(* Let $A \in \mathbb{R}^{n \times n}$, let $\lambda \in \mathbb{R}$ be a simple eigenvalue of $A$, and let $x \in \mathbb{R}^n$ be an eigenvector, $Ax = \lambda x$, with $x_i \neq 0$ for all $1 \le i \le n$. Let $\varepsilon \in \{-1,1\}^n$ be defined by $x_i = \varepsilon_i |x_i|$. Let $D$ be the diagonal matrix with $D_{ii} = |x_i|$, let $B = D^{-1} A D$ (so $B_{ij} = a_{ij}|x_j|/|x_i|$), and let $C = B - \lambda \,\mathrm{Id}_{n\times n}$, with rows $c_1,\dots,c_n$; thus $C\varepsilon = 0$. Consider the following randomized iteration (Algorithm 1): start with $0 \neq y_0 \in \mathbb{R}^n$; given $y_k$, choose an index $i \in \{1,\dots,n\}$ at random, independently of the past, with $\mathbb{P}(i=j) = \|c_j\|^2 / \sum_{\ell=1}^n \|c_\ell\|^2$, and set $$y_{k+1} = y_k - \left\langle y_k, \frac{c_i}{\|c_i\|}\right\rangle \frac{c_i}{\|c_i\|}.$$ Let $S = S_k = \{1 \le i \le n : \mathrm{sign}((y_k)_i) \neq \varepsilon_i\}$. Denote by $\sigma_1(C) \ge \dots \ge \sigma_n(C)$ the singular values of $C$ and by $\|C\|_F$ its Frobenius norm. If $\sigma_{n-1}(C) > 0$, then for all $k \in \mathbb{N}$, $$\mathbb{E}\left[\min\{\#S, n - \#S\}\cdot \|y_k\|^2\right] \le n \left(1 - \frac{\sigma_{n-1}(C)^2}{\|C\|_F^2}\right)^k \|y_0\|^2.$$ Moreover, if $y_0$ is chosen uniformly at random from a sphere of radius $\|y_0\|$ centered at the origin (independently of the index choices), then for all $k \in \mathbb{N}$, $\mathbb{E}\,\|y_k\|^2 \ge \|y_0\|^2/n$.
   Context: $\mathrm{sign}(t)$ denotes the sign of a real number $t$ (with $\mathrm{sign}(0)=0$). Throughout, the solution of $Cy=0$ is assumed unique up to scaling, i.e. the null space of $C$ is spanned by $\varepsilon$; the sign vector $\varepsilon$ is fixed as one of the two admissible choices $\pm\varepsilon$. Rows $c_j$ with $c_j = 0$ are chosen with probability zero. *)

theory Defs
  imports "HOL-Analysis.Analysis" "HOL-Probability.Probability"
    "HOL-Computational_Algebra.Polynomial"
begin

============

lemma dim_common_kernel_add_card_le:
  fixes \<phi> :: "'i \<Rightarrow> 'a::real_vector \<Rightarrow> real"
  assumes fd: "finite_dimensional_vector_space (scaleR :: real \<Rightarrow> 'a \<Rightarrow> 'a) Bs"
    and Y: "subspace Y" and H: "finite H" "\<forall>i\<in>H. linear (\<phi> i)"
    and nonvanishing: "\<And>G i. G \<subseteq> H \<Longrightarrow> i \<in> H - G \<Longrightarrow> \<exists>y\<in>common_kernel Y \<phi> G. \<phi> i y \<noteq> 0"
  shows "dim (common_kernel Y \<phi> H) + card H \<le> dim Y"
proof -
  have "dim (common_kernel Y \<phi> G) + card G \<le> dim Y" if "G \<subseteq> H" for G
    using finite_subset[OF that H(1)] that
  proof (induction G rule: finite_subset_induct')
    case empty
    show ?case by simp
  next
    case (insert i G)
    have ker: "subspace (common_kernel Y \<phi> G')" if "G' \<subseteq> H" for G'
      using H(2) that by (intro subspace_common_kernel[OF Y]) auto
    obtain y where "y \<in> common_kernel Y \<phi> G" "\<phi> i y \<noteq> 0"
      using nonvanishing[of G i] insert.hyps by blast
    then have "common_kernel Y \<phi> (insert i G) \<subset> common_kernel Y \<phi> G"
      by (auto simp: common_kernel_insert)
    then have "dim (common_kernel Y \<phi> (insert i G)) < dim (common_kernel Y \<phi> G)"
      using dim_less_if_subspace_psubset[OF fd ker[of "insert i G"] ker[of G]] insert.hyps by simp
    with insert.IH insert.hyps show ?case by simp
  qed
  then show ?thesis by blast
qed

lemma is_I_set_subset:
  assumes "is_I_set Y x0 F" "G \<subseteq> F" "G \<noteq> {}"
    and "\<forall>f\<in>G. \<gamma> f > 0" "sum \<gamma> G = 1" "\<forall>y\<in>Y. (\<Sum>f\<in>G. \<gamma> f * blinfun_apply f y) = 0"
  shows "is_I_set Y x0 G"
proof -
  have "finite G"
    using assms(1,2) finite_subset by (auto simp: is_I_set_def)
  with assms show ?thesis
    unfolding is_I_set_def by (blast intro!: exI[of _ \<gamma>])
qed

============

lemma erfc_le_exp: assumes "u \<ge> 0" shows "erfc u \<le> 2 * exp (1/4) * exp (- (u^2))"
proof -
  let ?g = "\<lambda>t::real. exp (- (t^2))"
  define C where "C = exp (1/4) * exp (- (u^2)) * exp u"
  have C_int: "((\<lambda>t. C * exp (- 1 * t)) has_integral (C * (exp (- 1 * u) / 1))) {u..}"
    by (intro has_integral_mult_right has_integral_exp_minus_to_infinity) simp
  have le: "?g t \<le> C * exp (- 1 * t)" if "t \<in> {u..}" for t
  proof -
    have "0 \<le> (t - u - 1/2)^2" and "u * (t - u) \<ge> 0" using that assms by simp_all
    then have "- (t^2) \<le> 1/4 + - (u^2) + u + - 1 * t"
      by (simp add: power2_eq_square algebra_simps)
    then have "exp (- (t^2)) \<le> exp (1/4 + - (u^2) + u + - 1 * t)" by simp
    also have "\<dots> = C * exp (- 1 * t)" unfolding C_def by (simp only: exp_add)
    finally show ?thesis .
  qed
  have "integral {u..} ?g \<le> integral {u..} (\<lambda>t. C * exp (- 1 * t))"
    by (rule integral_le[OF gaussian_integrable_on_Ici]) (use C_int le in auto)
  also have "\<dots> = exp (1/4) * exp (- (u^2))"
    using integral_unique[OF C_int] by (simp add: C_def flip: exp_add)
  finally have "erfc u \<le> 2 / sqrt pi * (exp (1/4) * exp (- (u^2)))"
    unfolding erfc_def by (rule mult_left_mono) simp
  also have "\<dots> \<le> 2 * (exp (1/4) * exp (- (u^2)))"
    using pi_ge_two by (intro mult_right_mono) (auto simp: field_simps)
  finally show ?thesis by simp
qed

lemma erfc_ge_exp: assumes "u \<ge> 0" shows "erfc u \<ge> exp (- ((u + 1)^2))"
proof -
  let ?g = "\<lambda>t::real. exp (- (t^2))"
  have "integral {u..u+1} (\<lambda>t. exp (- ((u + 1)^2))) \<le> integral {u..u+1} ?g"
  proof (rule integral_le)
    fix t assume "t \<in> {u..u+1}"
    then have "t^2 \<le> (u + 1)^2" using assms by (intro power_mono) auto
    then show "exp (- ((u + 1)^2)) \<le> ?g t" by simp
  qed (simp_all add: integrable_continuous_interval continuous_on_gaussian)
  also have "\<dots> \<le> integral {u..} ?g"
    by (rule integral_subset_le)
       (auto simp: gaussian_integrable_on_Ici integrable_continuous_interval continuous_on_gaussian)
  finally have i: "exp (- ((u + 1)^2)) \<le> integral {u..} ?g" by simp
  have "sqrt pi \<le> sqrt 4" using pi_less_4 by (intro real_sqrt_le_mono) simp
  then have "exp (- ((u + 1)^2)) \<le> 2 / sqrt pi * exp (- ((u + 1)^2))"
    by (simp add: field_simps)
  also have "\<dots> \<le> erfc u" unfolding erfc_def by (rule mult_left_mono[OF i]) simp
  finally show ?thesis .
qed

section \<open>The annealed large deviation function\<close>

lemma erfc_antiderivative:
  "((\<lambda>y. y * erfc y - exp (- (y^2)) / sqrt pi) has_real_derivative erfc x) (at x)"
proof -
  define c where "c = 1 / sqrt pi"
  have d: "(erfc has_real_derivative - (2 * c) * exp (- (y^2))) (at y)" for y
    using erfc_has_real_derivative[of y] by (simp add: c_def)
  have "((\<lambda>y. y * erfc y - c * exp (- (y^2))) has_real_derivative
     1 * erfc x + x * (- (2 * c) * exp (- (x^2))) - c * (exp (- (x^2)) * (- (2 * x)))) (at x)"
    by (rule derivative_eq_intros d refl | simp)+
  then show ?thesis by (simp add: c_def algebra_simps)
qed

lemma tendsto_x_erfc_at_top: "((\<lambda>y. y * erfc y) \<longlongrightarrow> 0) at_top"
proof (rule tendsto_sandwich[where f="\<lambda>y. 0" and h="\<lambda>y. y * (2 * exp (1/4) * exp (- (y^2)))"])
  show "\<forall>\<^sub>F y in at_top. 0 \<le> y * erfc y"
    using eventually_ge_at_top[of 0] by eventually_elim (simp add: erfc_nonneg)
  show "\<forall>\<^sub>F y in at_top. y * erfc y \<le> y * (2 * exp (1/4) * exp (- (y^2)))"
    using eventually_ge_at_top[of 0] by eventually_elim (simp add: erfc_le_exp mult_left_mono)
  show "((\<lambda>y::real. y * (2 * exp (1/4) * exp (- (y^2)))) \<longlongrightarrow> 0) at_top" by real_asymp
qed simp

============

### Problem details
When you reach the line in the material above that holds "using integral_unique[OF C_int]", begin reproducing lines exactly, and stop after the line that holds "(- (y^2))) has_real_derivative".

### Task output
    using integral_unique[OF C_int] by (simp add: C_def flip: exp_add)
  finally have "erfc u \<le> 2 / sqrt pi * (exp (1/4) * exp (- (u^2)))"
    unfolding erfc_def by (rule mult_left_mono) simp
  also have "\<dots> \<le> 2 * (exp (1/4) * exp (- (u^2)))"
    using pi_ge_two by (intro mult_right_mono) (auto simp: field_simps)
  finally show ?thesis by simp
qed

lemma erfc_ge_exp: assumes "u \<ge> 0" shows "erfc u \<ge> exp (- ((u + 1)^2))"
proof -
  let ?g = "\<lambda>t::real. exp (- (t^2))"
  have "integral {u..u+1} (\<lambda>t. exp (- ((u + 1)^2))) \<le> integral {u..u+1} ?g"
  proof (rule integral_le)
    fix t assume "t \<in> {u..u+1}"
    then have "t^2 \<le> (u + 1)^2" using assms by (intro power_mono) auto
    then show "exp (- ((u + 1)^2)) \<le> ?g t" by simp
  qed (simp_all add: integrable_continuous_interval continuous_on_gaussian)
  also have "\<dots> \<le> integral {u..} ?g"
    by (rule integral_subset_le)
       (auto simp: gaussian_integrable_on_Ici integrable_continuous_interval continuous_on_gaussian)
  finally have i: "exp (- ((u + 1)^2)) \<le> integral {u..} ?g" by simp
  have "sqrt pi \<le> sqrt 4" using pi_less_4 by (intro real_sqrt_le_mono) simp
  then have "exp (- ((u + 1)^2)) \<le> 2 / sqrt pi * exp (- ((u + 1)^2))"
    by (simp add: field_simps)
  also have "\<dots> \<le> erfc u" unfolding erfc_def by (rule mult_left_mono[OF i]) simp
  finally show ?thesis .
qed

section \<open>The annealed large deviation function\<close>

lemma erfc_antiderivative:
  "((\<lambda>y. y * erfc y - exp (- (y^2)) / sqrt pi) has_real_derivative erfc x) (at x)"
proof -
  define c where "c = 1 / sqrt pi"
  have d: "(erfc has_real_derivative - (2 * c) * exp (- (y^2))) (at y)" for y
    using erfc_has_real_derivative[of y] by (simp add: c_def)
  have "((\<lambda>y. y * erfc y - c * exp (- (y^2))) has_real_derivative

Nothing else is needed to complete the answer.